# Exercise:
Repeat exactly the lines from the start of the entries below through the line containing "assms(3) by simp_all". Omit the rest.

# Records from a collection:

━━━━━━━━

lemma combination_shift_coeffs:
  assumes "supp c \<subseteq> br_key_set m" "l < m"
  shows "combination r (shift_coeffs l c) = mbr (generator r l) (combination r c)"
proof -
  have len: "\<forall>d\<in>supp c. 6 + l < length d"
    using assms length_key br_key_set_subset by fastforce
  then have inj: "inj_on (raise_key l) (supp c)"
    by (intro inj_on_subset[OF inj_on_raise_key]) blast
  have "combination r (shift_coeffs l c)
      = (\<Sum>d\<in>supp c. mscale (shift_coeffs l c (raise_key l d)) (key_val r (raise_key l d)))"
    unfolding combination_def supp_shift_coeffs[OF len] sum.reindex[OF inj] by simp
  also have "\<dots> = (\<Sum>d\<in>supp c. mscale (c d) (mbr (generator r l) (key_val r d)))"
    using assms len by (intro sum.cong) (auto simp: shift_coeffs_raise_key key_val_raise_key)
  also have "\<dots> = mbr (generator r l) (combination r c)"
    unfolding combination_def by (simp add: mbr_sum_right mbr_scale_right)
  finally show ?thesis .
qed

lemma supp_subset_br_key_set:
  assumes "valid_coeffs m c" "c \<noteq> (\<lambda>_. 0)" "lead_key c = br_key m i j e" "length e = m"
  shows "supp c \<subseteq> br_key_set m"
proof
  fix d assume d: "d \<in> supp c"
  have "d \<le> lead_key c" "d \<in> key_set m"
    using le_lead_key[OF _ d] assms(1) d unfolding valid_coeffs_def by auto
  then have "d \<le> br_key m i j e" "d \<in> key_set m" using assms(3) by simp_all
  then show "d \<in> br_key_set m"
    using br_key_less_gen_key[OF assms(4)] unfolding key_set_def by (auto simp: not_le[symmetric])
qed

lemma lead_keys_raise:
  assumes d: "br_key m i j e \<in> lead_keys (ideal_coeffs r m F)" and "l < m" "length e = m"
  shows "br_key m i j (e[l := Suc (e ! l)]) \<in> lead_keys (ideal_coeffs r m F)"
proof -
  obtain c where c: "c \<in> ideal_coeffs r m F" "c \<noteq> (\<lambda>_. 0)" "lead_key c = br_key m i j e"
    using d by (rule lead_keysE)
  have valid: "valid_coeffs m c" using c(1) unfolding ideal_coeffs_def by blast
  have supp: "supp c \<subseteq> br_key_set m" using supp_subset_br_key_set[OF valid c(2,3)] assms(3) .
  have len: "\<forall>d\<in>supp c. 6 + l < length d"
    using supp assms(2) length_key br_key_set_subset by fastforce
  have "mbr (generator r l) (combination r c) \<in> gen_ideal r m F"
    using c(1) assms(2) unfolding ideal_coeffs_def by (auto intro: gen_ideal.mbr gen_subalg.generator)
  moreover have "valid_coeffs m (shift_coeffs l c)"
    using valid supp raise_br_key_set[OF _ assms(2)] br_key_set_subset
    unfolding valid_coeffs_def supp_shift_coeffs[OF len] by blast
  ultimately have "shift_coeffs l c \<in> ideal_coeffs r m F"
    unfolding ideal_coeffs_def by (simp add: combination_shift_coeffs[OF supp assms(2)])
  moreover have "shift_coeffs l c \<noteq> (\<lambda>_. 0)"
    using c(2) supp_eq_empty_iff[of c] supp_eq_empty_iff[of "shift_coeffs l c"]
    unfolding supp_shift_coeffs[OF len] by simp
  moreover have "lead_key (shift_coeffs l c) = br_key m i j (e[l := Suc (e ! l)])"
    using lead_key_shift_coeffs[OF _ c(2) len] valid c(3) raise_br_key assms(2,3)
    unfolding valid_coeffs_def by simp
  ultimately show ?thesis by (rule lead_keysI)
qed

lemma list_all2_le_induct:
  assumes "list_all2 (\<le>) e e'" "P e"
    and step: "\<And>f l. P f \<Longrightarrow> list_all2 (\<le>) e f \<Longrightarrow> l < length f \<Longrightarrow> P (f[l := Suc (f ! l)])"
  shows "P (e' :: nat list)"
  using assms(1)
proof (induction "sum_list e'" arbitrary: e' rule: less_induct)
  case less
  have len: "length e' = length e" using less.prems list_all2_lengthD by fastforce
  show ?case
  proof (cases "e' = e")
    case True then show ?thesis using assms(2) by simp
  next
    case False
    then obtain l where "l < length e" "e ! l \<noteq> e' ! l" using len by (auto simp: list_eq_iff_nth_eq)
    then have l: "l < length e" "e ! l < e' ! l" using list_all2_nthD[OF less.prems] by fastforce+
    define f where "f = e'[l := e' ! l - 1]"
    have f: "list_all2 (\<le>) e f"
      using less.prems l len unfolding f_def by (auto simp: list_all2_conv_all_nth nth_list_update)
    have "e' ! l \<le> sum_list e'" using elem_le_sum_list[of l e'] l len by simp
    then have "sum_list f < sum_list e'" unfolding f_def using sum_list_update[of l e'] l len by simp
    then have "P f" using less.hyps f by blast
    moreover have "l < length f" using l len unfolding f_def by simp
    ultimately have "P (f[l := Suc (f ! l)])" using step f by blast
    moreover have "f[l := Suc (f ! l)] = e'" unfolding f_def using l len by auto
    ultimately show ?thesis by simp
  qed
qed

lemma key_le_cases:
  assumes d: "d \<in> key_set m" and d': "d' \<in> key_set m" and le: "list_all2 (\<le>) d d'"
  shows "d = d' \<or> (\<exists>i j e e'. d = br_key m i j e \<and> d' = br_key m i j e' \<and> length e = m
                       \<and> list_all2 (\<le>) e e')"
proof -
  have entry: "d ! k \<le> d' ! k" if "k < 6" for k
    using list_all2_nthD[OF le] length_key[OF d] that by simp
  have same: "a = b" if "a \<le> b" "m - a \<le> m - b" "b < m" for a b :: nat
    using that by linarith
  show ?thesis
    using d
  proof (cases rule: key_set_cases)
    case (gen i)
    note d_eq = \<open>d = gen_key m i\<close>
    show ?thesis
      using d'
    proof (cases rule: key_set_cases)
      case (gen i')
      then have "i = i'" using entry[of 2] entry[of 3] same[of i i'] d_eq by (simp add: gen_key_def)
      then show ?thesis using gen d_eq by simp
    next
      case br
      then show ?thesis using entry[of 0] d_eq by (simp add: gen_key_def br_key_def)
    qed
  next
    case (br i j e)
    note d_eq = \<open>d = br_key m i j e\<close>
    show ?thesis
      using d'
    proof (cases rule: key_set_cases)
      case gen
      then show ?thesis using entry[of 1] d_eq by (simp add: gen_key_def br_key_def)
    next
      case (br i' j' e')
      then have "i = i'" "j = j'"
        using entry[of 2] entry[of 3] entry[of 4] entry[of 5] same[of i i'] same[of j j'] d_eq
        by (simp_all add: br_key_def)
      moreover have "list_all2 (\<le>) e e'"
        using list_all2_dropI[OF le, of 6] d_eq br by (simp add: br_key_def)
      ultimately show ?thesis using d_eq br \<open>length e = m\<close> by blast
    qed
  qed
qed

━━━━━━━━

# Written answer:
lemma combination_shift_coeffs:
  assumes "supp c \<subseteq> br_key_set m" "l < m"
  shows "combination r (shift_coeffs l c) = mbr (generator r l) (combination r c)"
proof -
  have len: "\<forall>d\<in>supp c. 6 + l < length d"
    using assms length_key br_key_set_subset by fastforce
  then have inj: "inj_on (raise_key l) (supp c)"
    by (intro inj_on_subset[OF inj_on_raise_key]) blast
  have "combination r (shift_coeffs l c)
      = (\<Sum>d\<in>supp c. mscale (shift_coeffs l c (raise_key l d)) (key_val r (raise_key l d)))"
    unfolding combination_def supp_shift_coeffs[OF len] sum.reindex[OF inj] by simp
  also have "\<dots> = (\<Sum>d\<in>supp c. mscale (c d) (mbr (generator r l) (key_val r d)))"
    using assms len by (intro sum.cong) (auto simp: shift_coeffs_raise_key key_val_raise_key)
  also have "\<dots> = mbr (generator r l) (combination r c)"
    unfolding combination_def by (simp add: mbr_sum_right mbr_scale_right)
  finally show ?thesis .
qed

lemma supp_subset_br_key_set:
  assumes "valid_coeffs m c" "c \<noteq> (\<lambda>_. 0)" "lead_key c = br_key m i j e" "length e = m"
  shows "supp c \<subseteq> br_key_set m"
proof
  fix d assume d: "d \<in> supp c"
  have "d \<le> lead_key c" "d \<in> key_set m"
    using le_lead_key[OF _ d] assms(1) d unfolding valid_coeffs_def by auto
  then have "d \<le> br_key m i j e" "d \<in> key_set m" using assms(3) by simp_all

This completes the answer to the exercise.